(* Assume (L). For $\nu>0$ define $\bar{\mathcal N}_\nu=\{x:f(x)\le f(x^\star)+\nu\lambda_{\min}^3/L^2\}$. Then for every $\nu\in(0,1]$, $$\bar{\mathcal N}_{\nu^2/3}\subseteq\mathcal N_\nu\subseteq\bar{\mathcal N}_{\nu^2}.$$
   Context: $f:\mathbb{R}^d\to\mathbb{R}$ is twice continuously differentiable with Hessian $H(x)=\nabla^2 f(x)$ satisfying $\lambda_{\min} I\preceq H(x)\preceq \lambda_{\max} I$ for all $x$, where $0<\lambda_{\min}\le\lambda_{\max}$; $x^\star$ is the unique minimizer of $f$ and $H^\star=H(x^\star)$; $\|v\|_A=\sqrt{v^\top Av}$. Lipschitz Hessian assumption (L): $\|H(x)-H(y)\|\le L\|x-y\|$ for all $x,y$ (spectral/Euclidean norms). Neighborhood: $\mathcal N_\nu=\{x:\|x-x^\star\|_{H^\star}\le \nu\lambda_{\min}^{3/2}/L\}$. *)

theory Defs
  imports "HOL-Analysis.Analysis"
begin

definition anorm :: "real^'n^'n \<Rightarrow> real^'n \<Rightarrow> real" where
  "anorm A v = sqrt (v \<bullet> (A *v v))"

definition nbhd :: "real^'n^'n \<Rightarrow> real^'n \<Rightarrow> real \<Rightarrow> real \<Rightarrow> real \<Rightarrow> (real^'n) set" where
  "nbhd Hs xs lmin L nu = {x. anorm Hs (x - xs) \<le> nu * lmin powr (3/2) / L}"

definition nbhd_bar :: "(real^'n \<Rightarrow> real) \<Rightarrow> real^'n \<Rightarrow> real \<Rightarrow> real \<Rightarrow> real \<Rightarrow> (real^'n) set" where
  "nbhd_bar f xs lmin L nu = {x. f x \<le> f xs + nu * lmin ^ 3 / L ^ 2}"

end

theory Submission
  imports Defs
begin

text \<open>Along a ray \<open>t \<mapsto> x\<^sup>\<star> + t d\<close> the function \<open>\<phi> t = f (x\<^sup>\<star> + t d)\<close> has \<open>\<phi>' 0 = 0\<close> and
  \<open>\<phi>'' t = d\<^sup>T H(x\<^sup>\<star> + t d) d\<close>, which by (L) differs from \<open>r\<^sup>2 = \<parallel>d\<parallel>\<^sup>2\<close> (energy norm of \<open>H\<^sup>\<star>\<close>) by
  at most \<open>L t \<parallel>d\<parallel>\<^sup>3 \<le> t r\<^sup>3 / c\<close>, where \<open>c = \<lambda>\<^sub>m\<^sub>i\<^sub>n\<^sup>3\<^sup>/\<^sup>2 / L\<close> is the natural length scale:
  \<open>\<N>\<^sub>\<nu>\<close> is \<open>r \<le> \<nu> c\<close> and the sublevel neighbourhood is \<open>f - f(x\<^sup>\<star>) \<le> \<nu> c\<^sup>2\<close>. Integrating twice gives
  \<open>\<bar>f(x\<^sup>\<star> + d) - f(x\<^sup>\<star>) - r\<^sup>2/2\<bar> \<le> r\<^sup>3/(6c)\<close>, and the upper bound yields the second inclusion
  at once. For the first, a point with \<open>r > \<nu> c\<close> has a point on its segment to \<open>x\<^sup>\<star>\<close> with
  \<open>r = \<sigma> c\<close>, \<open>\<nu> < \<sigma> \<le> 2\<close>; as \<open>\<phi>\<close> is convex with a critical point at 0 it is nondecreasing,
  so \<open>f(x) - f(x\<^sup>\<star>) \<ge> c\<^sup>2 (\<sigma>\<^sup>2/2 - \<sigma>\<^sup>3/6) > c\<^sup>2 \<nu>\<^sup>2/3\<close>.\<close>

lemma increment_le_of_second_deriv_le:
  fixes \<phi> \<phi>' \<phi>'' :: "real \<Rightarrow> real"
  assumes d1: "\<And>t. (\<phi> has_real_derivative \<phi>' t) (at t)"
    and d2: "\<And>t. (\<phi>' has_real_derivative \<phi>'' t) (at t)"
    and crit: "\<phi>' 0 = 0"
    and le: "\<And>t. 0 \<le> t \<Longrightarrow> t \<le> 1 \<Longrightarrow> \<phi>'' t \<le> a + c * t"
  shows "\<phi> 1 - \<phi> 0 \<le> a / 2 + c / 6"
proof -
  \<comment> \<open>compare \<open>\<phi>\<close> with the cubic \<open>a t\<^sup>2/2 + c t\<^sup>3/6\<close>, whose second derivative is \<open>a + c t\<close>\<close>
  define w where "w t = \<phi>' t - a * t - c * t\<^sup>2 / 2" for t
  have dw: "((\<lambda>t. - w t) has_real_derivative a + c * t - \<phi>'' t) (at t)" for t
    unfolding w_def by (auto intro!: derivative_eq_intros d2)
  have w_nonpos: "w t \<le> 0" if "0 \<le> t" "t \<le> 1" for t
    using DERIV_nonneg_imp_nondecreasing[of 0 t "\<lambda>t. - w t"] dw le that crit
    by (fastforce simp: w_def)
  define u where "u t = \<phi> t - a * t\<^sup>2 / 2 - c * t ^ 3 / 6" for t
  have du: "((\<lambda>t. - u t) has_real_derivative - w t) (at t)" for t
    unfolding u_def w_def
    by (auto intro!: derivative_eq_intros d1 simp: power2_eq_square power3_eq_cube)
  have "- u 0 \<le> - u 1"
    using DERIV_nonneg_imp_nondecreasing[of 0 1 "\<lambda>t. - u t"] du w_nonpos by fastforce
  then show ?thesis by (simp add: u_def)
qed

lemma increment_bound_of_second_deriv_bound:
  fixes \<phi> \<phi>' \<phi>'' :: "real \<Rightarrow> real"
  assumes d1: "\<And>t. (\<phi> has_real_derivative \<phi>' t) (at t)"
    and d2: "\<And>t. (\<phi>' has_real_derivative \<phi>'' t) (at t)"
    and crit: "\<phi>' 0 = 0"
    and bound: "\<And>t. 0 \<le> t \<Longrightarrow> t \<le> 1 \<Longrightarrow> \<bar>\<phi>'' t - a\<bar> \<le> c * t"
  shows "\<bar>\<phi> 1 - \<phi> 0 - a / 2\<bar> \<le> c / 6"
proof -
  have "\<phi> 1 - \<phi> 0 \<le> a / 2 + c / 6"
    by (rule increment_le_of_second_deriv_le[OF d1 d2 crit]) (use bound in \<open>force simp: abs_le_iff\<close>)
  moreover have "- \<phi> 1 - - \<phi> 0 \<le> - a / 2 + c / 6"
  proof (rule increment_le_of_second_deriv_le[of "\<lambda>t. - \<phi> t" "\<lambda>t. - \<phi>' t" "\<lambda>t. - \<phi>'' t"])
    show "- \<phi>'' t \<le> - a + c * t" if "0 \<le> t" "t \<le> 1" for t
      using bound[OF that] by (simp add: abs_le_iff)
  qed (use d1 d2 crit in \<open>auto intro: DERIV_minus\<close>)
  ultimately show ?thesis by linarith
qed

lemma nondecreasing_of_convex_critical:
  fixes \<phi> \<phi>' \<phi>'' :: "real \<Rightarrow> real"
  assumes d1: "\<And>t. (\<phi> has_real_derivative \<phi>' t) (at t)"
    and d2: "\<And>t. (\<phi>' has_real_derivative \<phi>'' t) (at t)"
    and crit: "\<phi>' 0 = 0"
    and convex: "\<And>t. 0 \<le> \<phi>'' t"
    and "0 \<le> s" "s \<le> t"
  shows "\<phi> s \<le> \<phi> t"
proof -
  have "0 \<le> \<phi>' u" if "0 \<le> u" for u
    using DERIV_nonneg_imp_nondecreasing[of 0 u \<phi>'] d2 convex crit that by fastforce
  then show ?thesis
    using DERIV_nonneg_imp_nondecreasing[of s t \<phi>] d1 assms(5,6) by fastforce
qed

lemma has_real_derivative_along_line:
  fixes f :: "real^'n \<Rightarrow> real" and g :: "real^'n \<Rightarrow> real^'n" and H :: "real^'n \<Rightarrow> real^'n^'n"
  assumes grad: "\<And>x. (f has_derivative (\<lambda>h. g x \<bullet> h)) (at x)"
    and hess: "\<And>x. (g has_derivative (\<lambda>h. H x *v h)) (at x)"
  shows "((\<lambda>t. f (x + t *\<^sub>R d)) has_real_derivative g (x + t *\<^sub>R d) \<bullet> d) (at t)"
    and "((\<lambda>t. g (x + t *\<^sub>R d) \<bullet> d) has_real_derivative d \<bullet> (H (x + t *\<^sub>R d) *v d)) (at t)"
proof -
  have line: "((\<lambda>t. x + t *\<^sub>R d) has_derivative (\<lambda>h. h *\<^sub>R d)) (at t)"
    by (auto intro!: derivative_eq_intros)
  show "((\<lambda>t. f (x + t *\<^sub>R d)) has_real_derivative g (x + t *\<^sub>R d) \<bullet> d) (at t)"
    unfolding has_field_derivative_def
    by (rule has_derivative_eq_rhs[OF has_derivative_compose[OF line grad]])
      (simp add: fun_eq_iff mult.commute)
  have "((\<lambda>t. g (x + t *\<^sub>R d)) has_derivative (\<lambda>h. H (x + t *\<^sub>R d) *v (h *\<^sub>R d))) (at t)"
    using has_derivative_compose[OF line hess] by (simp add: o_def)
  then have "((\<lambda>t. g (x + t *\<^sub>R d) \<bullet> d) has_derivative
      (\<lambda>h. (H (x + t *\<^sub>R d) *v (h *\<^sub>R d)) \<bullet> d)) (at t)"
    by (auto intro!: derivative_eq_intros)
  then show "((\<lambda>t. g (x + t *\<^sub>R d) \<bullet> d) has_real_derivative d \<bullet> (H (x + t *\<^sub>R d) *v d)) (at t)"
    unfolding has_field_derivative_def
    by (rule has_derivative_eq_rhs) (simp add: fun_eq_iff matrix_vector_mult_scaleR inner_commute)
qed

lemma quadratic_form_diff_le_onorm:
  fixes A B :: "real^'n^'n"
  shows "\<bar>d \<bullet> (A *v d) - d \<bullet> (B *v d)\<bar> \<le> onorm (\<lambda>v. (A - B) *v v) * (norm d)\<^sup>2"
proof -
  have "\<bar>d \<bullet> (A *v d) - d \<bullet> (B *v d)\<bar> = \<bar>d \<bullet> ((A - B) *v d)\<bar>"
    by (simp add: matrix_vector_mult_diff_rdistrib inner_diff_right)
  also have "\<dots> \<le> norm d * norm ((A - B) *v d)"
    by (rule Cauchy_Schwarz_ineq2)
  also have "\<dots> \<le> norm d * (onorm (\<lambda>v. (A - B) *v v) * norm d)"
    using onorm[of "\<lambda>v. (A - B) *v v" d] by (simp add: linear_conv_bounded_linear mult_left_mono)
  finally show ?thesis by (simp add: power2_eq_square mult_ac)
qed

lemma cubic_gap_gt:
  fixes \<nu> \<sigma> :: real
  assumes "0 < \<nu>" "\<nu> \<le> 1" "\<nu> < \<sigma>" "\<sigma> \<le> 2"
  shows "\<nu>\<^sup>2 / 3 < \<sigma>\<^sup>2 / 2 - \<sigma> ^ 3 / 6"
proof -
  have "\<nu> ^ 3 \<le> \<nu>\<^sup>2"
    using assms by (simp add: power_decreasing)
  have diff: "\<sigma>\<^sup>2/2 - \<sigma>^3/6 - (\<nu>\<^sup>2/2 - \<nu>^3/6) = (\<sigma> - \<nu>) * (3 * (\<sigma> + \<nu>) - (\<sigma>\<^sup>2 + \<sigma> * \<nu> + \<nu>\<^sup>2)) / 6"
    by (simp add: algebra_simps power2_eq_square power3_eq_cube)
  have "\<sigma>\<^sup>2 \<le> 2 * \<sigma>" "\<sigma> * \<nu> \<le> \<sigma>" "\<nu>\<^sup>2 \<le> \<nu>"
    using assms by (simp_all add: power2_eq_square mult_left_le)
  then have "\<sigma>\<^sup>2 + \<sigma> * \<nu> + \<nu>\<^sup>2 < 3 * \<sigma> + 3 * \<nu>"
    using assms by linarith
  then have "0 < (\<sigma> - \<nu>) * (3 * (\<sigma> + \<nu>) - (\<sigma>\<^sup>2 + \<sigma> * \<nu> + \<nu>\<^sup>2)) / 6"
    using assms by simp
  then show ?thesis
    using diff \<open>\<nu> ^ 3 \<le> \<nu>\<^sup>2\<close> by linarith
qed

locale min_lipschitz_hessian =
  fixes f :: "real^'n \<Rightarrow> real" and g :: "real^'n \<Rightarrow> real^'n" and H :: "real^'n \<Rightarrow> real^'n^'n"
    and xs :: "real^'n" and lmin L :: real
  assumes grad: "\<And>x. (f has_derivative (\<lambda>h. g x \<bullet> h)) (at x)"
    and hess: "\<And>x. (g has_derivative (\<lambda>h. H x *v h)) (at x)"
    and lmin_pos: "0 < lmin"
    and lower: "\<And>x v. lmin * (v \<bullet> v) \<le> v \<bullet> (H x *v v)"
    and xs_min: "\<And>x. f xs \<le> f x"
    and L_pos: "0 < L"
    and lipschitz: "\<And>x y. onorm (\<lambda>v. (H x - H y) *v v) \<le> L * norm (x - y)"
begin

definition scale :: real where
  "scale = sqrt lmin ^ 3 / L"

lemma scale_pos: "0 < scale"
  using lmin_pos L_pos by (simp add: scale_def)

lemma nbhd_eq: "nbhd (H xs) xs lmin L \<nu> = {x. anorm (H xs) (x - xs) \<le> \<nu> * scale}"
proof -
  have "lmin powr (3/2) = (lmin powr (1/2)) powr 3"
    by (simp add: powr_powr)
  also have "\<dots> = sqrt lmin ^ 3"
    using lmin_pos by (simp add: powr_half_sqrt powr_realpow[of _ 3, simplified])
  finally show ?thesis by (simp add: nbhd_def scale_def)
qed

lemma nbhd_bar_eq: "nbhd_bar f xs lmin L \<nu> = {x. f x - f xs \<le> \<nu> * scale\<^sup>2}"
proof -
  have "sqrt lmin ^ 3 * sqrt lmin ^ 3 = lmin ^ 3"
    using lmin_pos by (simp flip: power_mult_distrib)
  then have "scale\<^sup>2 = lmin ^ 3 / L\<^sup>2"
    by (simp add: scale_def power2_eq_square)
  then show ?thesis by (auto simp: nbhd_bar_def)
qed

lemma hessian_psd: "0 \<le> v \<bullet> (H x *v v)"
  using lower[of v x] lmin_pos by (smt (verit) inner_ge_zero mult_nonneg_nonneg)

lemma anorm_sq: "(anorm (H xs) d)\<^sup>2 = d \<bullet> (H xs *v d)" and anorm_nonneg: "0 \<le> anorm (H xs) d"
  using hessian_psd[of d xs] by (simp_all add: anorm_def)

lemma anorm_scaleR: "0 \<le> t \<Longrightarrow> anorm (H xs) (t *\<^sub>R d) = t * anorm (H xs) d"
  by (simp add: anorm_def matrix_vector_mult_scaleR real_sqrt_mult power2_eq_square[symmetric])

lemma norm_le_anorm: "sqrt lmin * norm d \<le> anorm (H xs) d"
proof (rule power2_le_imp_le[OF _ anorm_nonneg])
  show "(sqrt lmin * norm d)\<^sup>2 \<le> (anorm (H xs) d)\<^sup>2"
    using lower[of d xs] lmin_pos by (simp add: anorm_sq power_mult_distrib power2_norm_eq_inner)
qed

lemma gradient_zero: "g xs \<bullet> d = 0"
proof -
  have "g (xs + 0 *\<^sub>R d) \<bullet> d = 0"
    by (rule DERIV_local_min[OF has_real_derivative_along_line(1)[OF grad hess], of 1])
      (simp_all add: xs_min)
  then show ?thesis by simp
qed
========================
## [WHAT IS BEING ASKED]
Give back precisely the lines above that start at the line containing "proof (rule increment_le_of_second_deriv_le[of" and end at the line containing "d)) has_derivative (\<lambda>h.", inclusive. No other lines belong in the output.

## [SOLUTION FOR THIS TASK]
  proof (rule increment_le_of_second_deriv_le[of "\<lambda>t. - \<phi> t" "\<lambda>t. - \<phi>' t" "\<lambda>t. - \<phi>'' t"])
    show "- \<phi>'' t \<le> - a + c * t" if "0 \<le> t" "t \<le> 1" for t
      using bound[OF that] by (simp add: abs_le_iff)
  qed (use d1 d2 crit in \<open>auto intro: DERIV_minus\<close>)
  ultimately show ?thesis by linarith
qed

lemma nondecreasing_of_convex_critical:
  fixes \<phi> \<phi>' \<phi>'' :: "real \<Rightarrow> real"
  assumes d1: "\<And>t. (\<phi> has_real_derivative \<phi>' t) (at t)"
    and d2: "\<And>t. (\<phi>' has_real_derivative \<phi>'' t) (at t)"
    and crit: "\<phi>' 0 = 0"
    and convex: "\<And>t. 0 \<le> \<phi>'' t"
    and "0 \<le> s" "s \<le> t"
  shows "\<phi> s \<le> \<phi> t"
proof -
  have "0 \<le> \<phi>' u" if "0 \<le> u" for u
    using DERIV_nonneg_imp_nondecreasing[of 0 u \<phi>'] d2 convex crit that by fastforce
  then show ?thesis
    using DERIV_nonneg_imp_nondecreasing[of s t \<phi>] d1 assms(5,6) by fastforce
qed

lemma has_real_derivative_along_line:
  fixes f :: "real^'n \<Rightarrow> real" and g :: "real^'n \<Rightarrow> real^'n" and H :: "real^'n \<Rightarrow> real^'n^'n"
  assumes grad: "\<And>x. (f has_derivative (\<lambda>h. g x \<bullet> h)) (at x)"
    and hess: "\<And>x. (g has_derivative (\<lambda>h. H x *v h)) (at x)"
  shows "((\<lambda>t. f (x + t *\<^sub>R d)) has_real_derivative g (x + t *\<^sub>R d) \<bullet> d) (at t)"
    and "((\<lambda>t. g (x + t *\<^sub>R d) \<bullet> d) has_real_derivative d \<bullet> (H (x + t *\<^sub>R d) *v d)) (at t)"
proof -
  have line: "((\<lambda>t. x + t *\<^sub>R d) has_derivative (\<lambda>h. h *\<^sub>R d)) (at t)"
    by (auto intro!: derivative_eq_intros)
  show "((\<lambda>t. f (x + t *\<^sub>R d)) has_real_derivative g (x + t *\<^sub>R d) \<bullet> d) (at t)"
    unfolding has_field_derivative_def
    by (rule has_derivative_eq_rhs[OF has_derivative_compose[OF line grad]])
      (simp add: fun_eq_iff mult.commute)
  have "((\<lambda>t. g (x + t *\<^sub>R d)) has_derivative (\<lambda>h. H (x + t *\<^sub>R d) *v (h *\<^sub>R d))) (at t)"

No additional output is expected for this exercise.